A film still from the Moscow Bienalle

A film still from the Moscow Biennale. (Courtesy: Moscow Biennale)

OCTOBER 2015 – 6th Moscow Biennale & the First Flakes of winter

Fast forward only one year, when I created a new work for the 6th Moscow Biennale, invited by the Ministry of Culture of the Russian Federation’s Deputy Director General and the dream-like curator Anna Dorofeeva at the NCCA (National Centre for Contemporary Art). This second trip was the perfect counterpoint to the hot summer of 2014, punctuated by long drives into the countryside where, staying in a grand ‘dacha’ amongst the woodlands and rivers felt like a fairy-tale.

The Biennale was a different affair, not just an exchange, a handshake and a pat on the back between two nations, but a truly international and almost unrestricted expose of living breathing culture.

In a radical departure for me, I composed a conceptual art film combining analogue and digital work, including painting, photography and animation. The 28-minute piece, “Oracle I (Temple of the Unseen Artist)” was manifest as an imagined temple for the muses and debuted in October 2015 as part of the show ‘Dialogues of Light & Sound’, as the first snows of winter began to fall.

Later, I had the honour too, and the challenge, of delivering a lecture and conversation in front of an audience with the imposing, challenging Mr. Vitaly Patsukov – a grandee of Russian art, the penetrating Q&A leaving me a little off-balance but exhilarated.

I had not taken any steps to self-censor – as the work is steeped in classical references – but I was becoming acutely aware of the recent backlash that any inclusion of ‘religious’ content is having in Russia, as reactionary activists – seemingly unopposed by the state – attempt to impose a radical conservatism upon the cultural landscape with alarming effectiveness to freedom of expression at a domestic level.

On this occasion there had been a definite shift. In the popular rhetoric I took from conversations with locals, the public had increased its confidence in their authorities and the Ukraine ‘crisis’ had been one almighty triumph. A few days before my arrival, there had indeed been that historic ‘awkward’ handshake between Presidents Obama and Putin, and despite the dramatic differences, they were embracing as allies – at arms length – and at long last.

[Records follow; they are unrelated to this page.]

(* Let $0<\epsilon<1/2$, $0<\rho<1$, $C=1-h(\epsilon)$, $0<R<C$ fixed, and $k=\lfloor Rn\rfloor$. There exists $\delta>0$ such that for every sequence of integers $(i_n)$ with $i_n\in(n(\epsilon-\delta),n(\epsilon+\delta))$, \[ \lim_{n\to\infty}\frac{\sum_{j=0}^{k}\binom{k}{j}\big(1-(1-2\epsilon)(1-2\rho)^j\big)^{i_n}\big(1+(1-2\epsilon)(1-2\rho)^j\big)^{n-i_n}}{2^n\epsilon^{i_n}(1-\epsilon)^{n-i_n}}=1 . \]
   Context: $h(\epsilon)=-\epsilon\log_2\epsilon-(1-\epsilon)\log_2(1-\epsilon)$. *)

theory Defs
  imports "HOL-Analysis.Analysis"
begin

definition bin_entropy :: "real \<Rightarrow> real" where
  "bin_entropy e = - e * log 2 e - (1 - e) * log 2 (1 - e)"

end

theory Submission
  imports Defs
begin

(*
  With a = 1 - 2\<epsilon> and q_j = (1 - a (1 - 2\<rho>)^j) / 2 we have 1 - a x = 2q, 1 + a x = 2(1 - q),
  so the j-th normalized summand is binom(k,j) times the likelihood ratio exp (L(q_j) - L(\<epsilon>)),
  where L(q) = t ln q + (n - t) ln (1 - q) is the log-likelihood of t = i_n successes in n
  Bernoulli(q) trials.  The term j = 0 (q_0 = \<epsilon>) equals 1; the others tend to 0.  For j \<ge> 1,
  q_j \<ge> q_min = (1 - a|1 - 2\<rho>|)/2 > \<epsilon>, and for t/n near \<epsilon> the log-likelihood decreases on
  [q_min, 1), so each exponent is at most -D n/2 with D > 0 the Kullback-Leibler divergence
  (Gibbs' inequality).  For large j, q_j is near 1/2 and the exponent is about -n (ln 2 - H(\<epsilon>)),
  which beats the at most 2^(Rn) coefficients since R < 1 - h(\<epsilon>).
*)


definition loglik :: "real \<Rightarrow> real \<Rightarrow> real \<Rightarrow> real" where
  "loglik q t N = t * ln q + (N - t) * ln (1 - q)"

definition logit :: "real \<Rightarrow> real" where
  "logit q = ln q - ln (1 - q)"

text \<open>The log-likelihood is affine in \<open>t\<close>; expanding around \<open>t = e N\<close> separates the
  per-trial expected log-likelihood from the deviation \<open>t - e N\<close>.\<close>

lemma loglik_affine: "loglik q t N = N * loglik q e 1 + (t - e * N) * logit q"
  by (simp add: loglik_def logit_def algebra_simps)

lemma bin_entropy_loglik: "bin_entropy e * ln 2 = - loglik e e 1"
  by (simp add: bin_entropy_def loglik_def log_def field_simps)

lemma gibbs_strict:
  assumes "0 < e" "e < 1" "0 < q" "q < 1" "q \<noteq> e"
  shows "loglik q e 1 < loglik e e 1"
proof -
  have "ln q - ln e < (q - e) / e" using assms by (intro ln_diff_less) auto
  hence first: "e * (ln q - ln e) < q - e" using assms by (simp add: field_simps)
  have "ln (1 - q) - ln (1 - e) \<le> ((1 - q) - (1 - e)) / (1 - e)" using assms by (intro ln_diff_le) auto
  hence second: "(1 - e) * (ln (1 - q) - ln (1 - e)) \<le> e - q" using assms by (simp add: field_simps)
  show ?thesis using first second by (simp add: loglik_def algebra_simps)
qed

text \<open>If the empirical frequency \<open>t/N\<close> is at most \<open>q0\<close>, the log-likelihood is non-increasing
  in \<open>q\<close> on \<open>[q0, 1)\<close> (concavity: compare with the tangents at \<open>q0\<close>).\<close>

lemma loglik_mono_above_mode:
  assumes "0 < q0" "q0 \<le> q" "q < 1" "0 \<le> t" "t \<le> N * q0"
  shows "loglik q t N \<le> loglik q0 t N"
proof -
  have "0 \<le> N * q0" using assms by linarith
  hence "0 \<le> N" using assms by (simp add: zero_le_mult_iff)
  hence "N * q0 \<le> N" using assms by (simp add: mult_left_le)
  hence "t \<le> N" using assms by linarith
  have "ln q - ln q0 \<le> (q - q0) / q0" using assms by (intro ln_diff_le) auto
  hence up: "t * (ln q - ln q0) \<le> t * ((q - q0) / q0)" using assms by (intro mult_left_mono) auto
  have "ln (1 - q) - ln (1 - q0) \<le> ((1 - q) - (1 - q0)) / (1 - q0)" using assms by (intro ln_diff_le) auto
  hence down: "(N - t) * (ln (1 - q) - ln (1 - q0)) \<le> (N - t) * ((q0 - q) / (1 - q0))"
    using \<open>t \<le> N\<close> by (intro mult_left_mono) auto
  have "t * (1 - q0) \<le> (N - t) * q0" using assms by (simp add: algebra_simps)
  hence "t / q0 \<le> (N - t) / (1 - q0)" using assms by (simp add: divide_simps)
  hence "(q - q0) * (t / q0 - (N - t) / (1 - q0)) \<le> 0" using assms by (intro mult_nonneg_nonpos) auto
  moreover have "t * ((q - q0) / q0) + (N - t) * ((q0 - q) / (1 - q0))
      = (q - q0) * (t / q0 - (N - t) / (1 - q0))" by (simp add: algebra_simps diff_divide_distrib)
  ultimately have "t * ((q - q0) / q0) + (N - t) * ((q0 - q) / (1 - q0)) \<le> 0" by simp
  with up down show ?thesis by (simp add: loglik_def algebra_simps)
qed

text \<open>Comparison with the fair coin via the tangents of \<open>ln\<close> at \<open>1/2\<close>.\<close>

lemma loglik_le_uniform:
  assumes "0 < q" "q < 1" "0 \<le> t" "t \<le> N"
  shows "loglik q t N \<le> N * (\<bar>1 - 2 * q\<bar> - ln 2)"
proof -
  have "ln q - ln (1/2) \<le> (q - 1/2) / (1/2)" using assms by (intro ln_diff_le) auto
  hence a: "ln q \<le> (2 * q - 1) - ln 2" by (simp add: ln_div)
  have "ln (1 - q) - ln (1/2) \<le> ((1 - q) - 1/2) / (1/2)" using assms by (intro ln_diff_le) auto
  hence b: "ln (1 - q) \<le> (1 - 2 * q) - ln 2" by (simp add: ln_div)
  have "loglik q t N \<le> t * ((2 * q - 1) - ln 2) + (N - t) * ((1 - 2 * q) - ln 2)"
    unfolding loglik_def using a b assms by (intro add_mono mult_left_mono) auto
  also have "\<dots> = (N - 2 * t) * (1 - 2 * q) - N * ln 2" by (simp add: algebra_simps)
  also have "\<dots> \<le> N * \<bar>1 - 2 * q\<bar> - N * ln 2"
  proof -
    have "(N - 2 * t) * (1 - 2 * q) \<le> \<bar>N - 2 * t\<bar> * \<bar>1 - 2 * q\<bar>" by (metis abs_ge_self abs_mult)
    also have "\<dots> \<le> N * \<bar>1 - 2 * q\<bar>" using assms by (intro mult_right_mono) auto
    finally show ?thesis by simp
  qed
  finally show ?thesis by (simp add: algebra_simps)
qed

lemma likelihood_ratio_exp:
  fixes y e t :: real
  assumes "\<bar>y\<bar> < 1" "0 < e" "e < 1"
  shows "(1 - y) powr t * (1 + y) powr (real n - t) / (2 ^ n * e powr t * (1 - e) powr (real n - t))
    = exp (loglik ((1 - y) / 2) t (real n) - loglik e t (real n))"
proof -
  have pos: "0 < 1 - y" "0 < 1 + y" using assms by auto
  have half_minus: "ln ((1 - y) / 2) = ln (1 - y) - ln 2" using pos by (simp add: ln_div)
  have complement: "1 - (1 - y) / 2 = (1 + y) / 2" by (simp add: field_simps)
  have half_plus: "ln (1 - (1 - y) / 2) = ln (1 + y) - ln 2"
    unfolding complement using pos by (simp add: ln_div)
  have two: "(2::real) ^ n = exp (real n * ln 2)" by (simp add: exp_of_nat_mult)
  have "(1 - y) powr t * (1 + y) powr (real n - t) / (2 ^ n * e powr t * (1 - e) powr (real n - t))
      = exp (t * ln (1 - y) + (real n - t) * ln (1 + y) - (real n * ln 2 + t * ln e + (real n - t) * ln (1 - e)))"
    using pos assms by (simp add: powr_def two exp_add[symmetric] exp_diff[symmetric])
  also have "\<dots> = exp (loglik ((1 - y) / 2) t (real n) - loglik e t (real n))"
    unfolding loglik_def half_minus half_plus by (simp add: algebra_simps)
  finally show ?thesis .
qed

text \<open>Splitting a binomial sum: for \<open>j \<le> J\<close> bound \<open>binom(k,j)\<close> by \<open>N^J\<close>, for \<open>j > J\<close> bound the
  sum of the coefficients by \<open>2^k\<close>.\<close>

lemma binomial_sum_split_bound:
  fixes E :: "nat \<Rightarrow> real" and k J :: nat and N c w :: real
  assumes "real k \<le> N" "1 \<le> N"
    and small: "\<And>j. 1 \<le> j \<Longrightarrow> j \<le> k \<Longrightarrow> j \<le> J \<Longrightarrow> E j \<le> c"
    and large: "\<And>j. 1 \<le> j \<Longrightarrow> j \<le> k \<Longrightarrow> J < j \<Longrightarrow> E j \<le> w"
  shows "(\<Sum>j=1..k. real (k choose j) * exp (E j)) \<le> N ^ Suc J * exp c + 2 ^ k * exp w"
proof -
  have each_term: "real (k choose j) * exp (E j) \<le> N ^ J * exp c + real (k choose j) * exp w"
    if j: "j \<in> {1..k}" for j
  proof (cases "j \<le> J")
    case True
    have "real (k choose j) \<le> real k ^ j" using binomial_le_pow[of j k] j
      by (metis atLeastAtMost_iff of_nat_le_iff of_nat_power)
    also have "\<dots> \<le> N ^ j" using assms by (intro power_mono) auto
    also have "\<dots> \<le> N ^ J" using True assms by (intro power_increasing) auto
    finally have "real (k choose j) * exp (E j) \<le> N ^ J * exp c"
      using small[of j] j True by (intro mult_mono) auto
    thus ?thesis by (simp add: add_increasing2)
  next
    case False
    hence "real (k choose j) * exp (E j) \<le> real (k choose j) * exp w"
      using large[of j] j by (intro mult_left_mono) auto
    thus ?thesis using assms by (simp add: add_increasing)
  qed
  have "(\<Sum>j=1..k. real (k choose j) * exp (E j)) \<le> (\<Sum>j=1..k. N ^ J * exp c + real (k choose j) * exp w)"
    by (intro sum_mono each_term)
  also have "\<dots> = real k * (N ^ J * exp c) + (\<Sum>j=1..k. real (k choose j)) * exp w"
    by (simp add: sum.distrib sum_distrib_right)
  also have "\<dots> \<le> N ^ Suc J * exp c + 2 ^ k * exp w"
  proof (rule add_mono)
    show "real k * (N ^ J * exp c) \<le> N ^ Suc J * exp c"
      using assms by (simp add: mult_right_mono mult.assoc)
    have "(\<Sum>j=1..k. real (k choose j)) \<le> (\<Sum>j\<le>k. real (k choose j))" by (intro sum_mono2) auto
    also have "\<dots> = 2 ^ k" by (simp only: of_nat_sum[symmetric] choose_row_sum) simp
    finally show "(\<Sum>j=1..k. real (k choose j)) * exp w \<le> 2 ^ k * exp w" by simp
  qed
  finally show ?thesis .
qed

It is clear, that despite the turmoil and the clashes of the conservatives and liberal peoples of this incredible metropolis, the progress towards internationalism remains at the vanguard. In this great city, the concentration and wealth of art, as well as the juxtapositions of new and long-established cultural institutions is a thrill for the seasoned traveller. The engagement in the cultural life among its younger citizens is such a keen, bright and encouraging scene also still, despite or perhaps in constant retaliation to the right-wing backlash amongst a vocal clique of neo-traditionalists.

But there have been hugely exciting leaps forward which will bring me back to the city. The miraculously appointed ‘Electrotheatre Stanislavsky’, a new world-beating contemporary arts theatre situated across from the InterContinental in Tverskaya for one.

The ambitious and long-awaited ‘Garage Contemporary Art Museum’, had opened recently too. I got a chance to see Louise Bourgeois’ “Structures of Existence: the Cells”, where you see the breadth of her astoundingly pervasive influence on contemporary artists. Most of the large venues are fairly concentrated in the center of the city so are very accessible, especially via the city’s immense tube system. The startling way these have been designed too, festooned with art and chandeliers and marble-faced pillars, surely makes it a wonder of the 20th century.

As I wander in discovery, on street corners and in the decorated subways I hear some of the finest young classical and contemporary musical talent in the world as they stand busking. And as I walk amongst the monumental soviet architecture and public fountains, I am reminded of the magnificent Bolshoi, and the need to visit the banya for some old-fashioned R&R.

Aside from my own exhibition experiences and the scene of contemporary art in the city, it’s vital to situate all this alongside the context of Moscow’s older histories, and to make the most of formal visits to the likes of the Pushkin Museum and MMOMA. Then you understand the unstoppable force of art as a constant progressive force.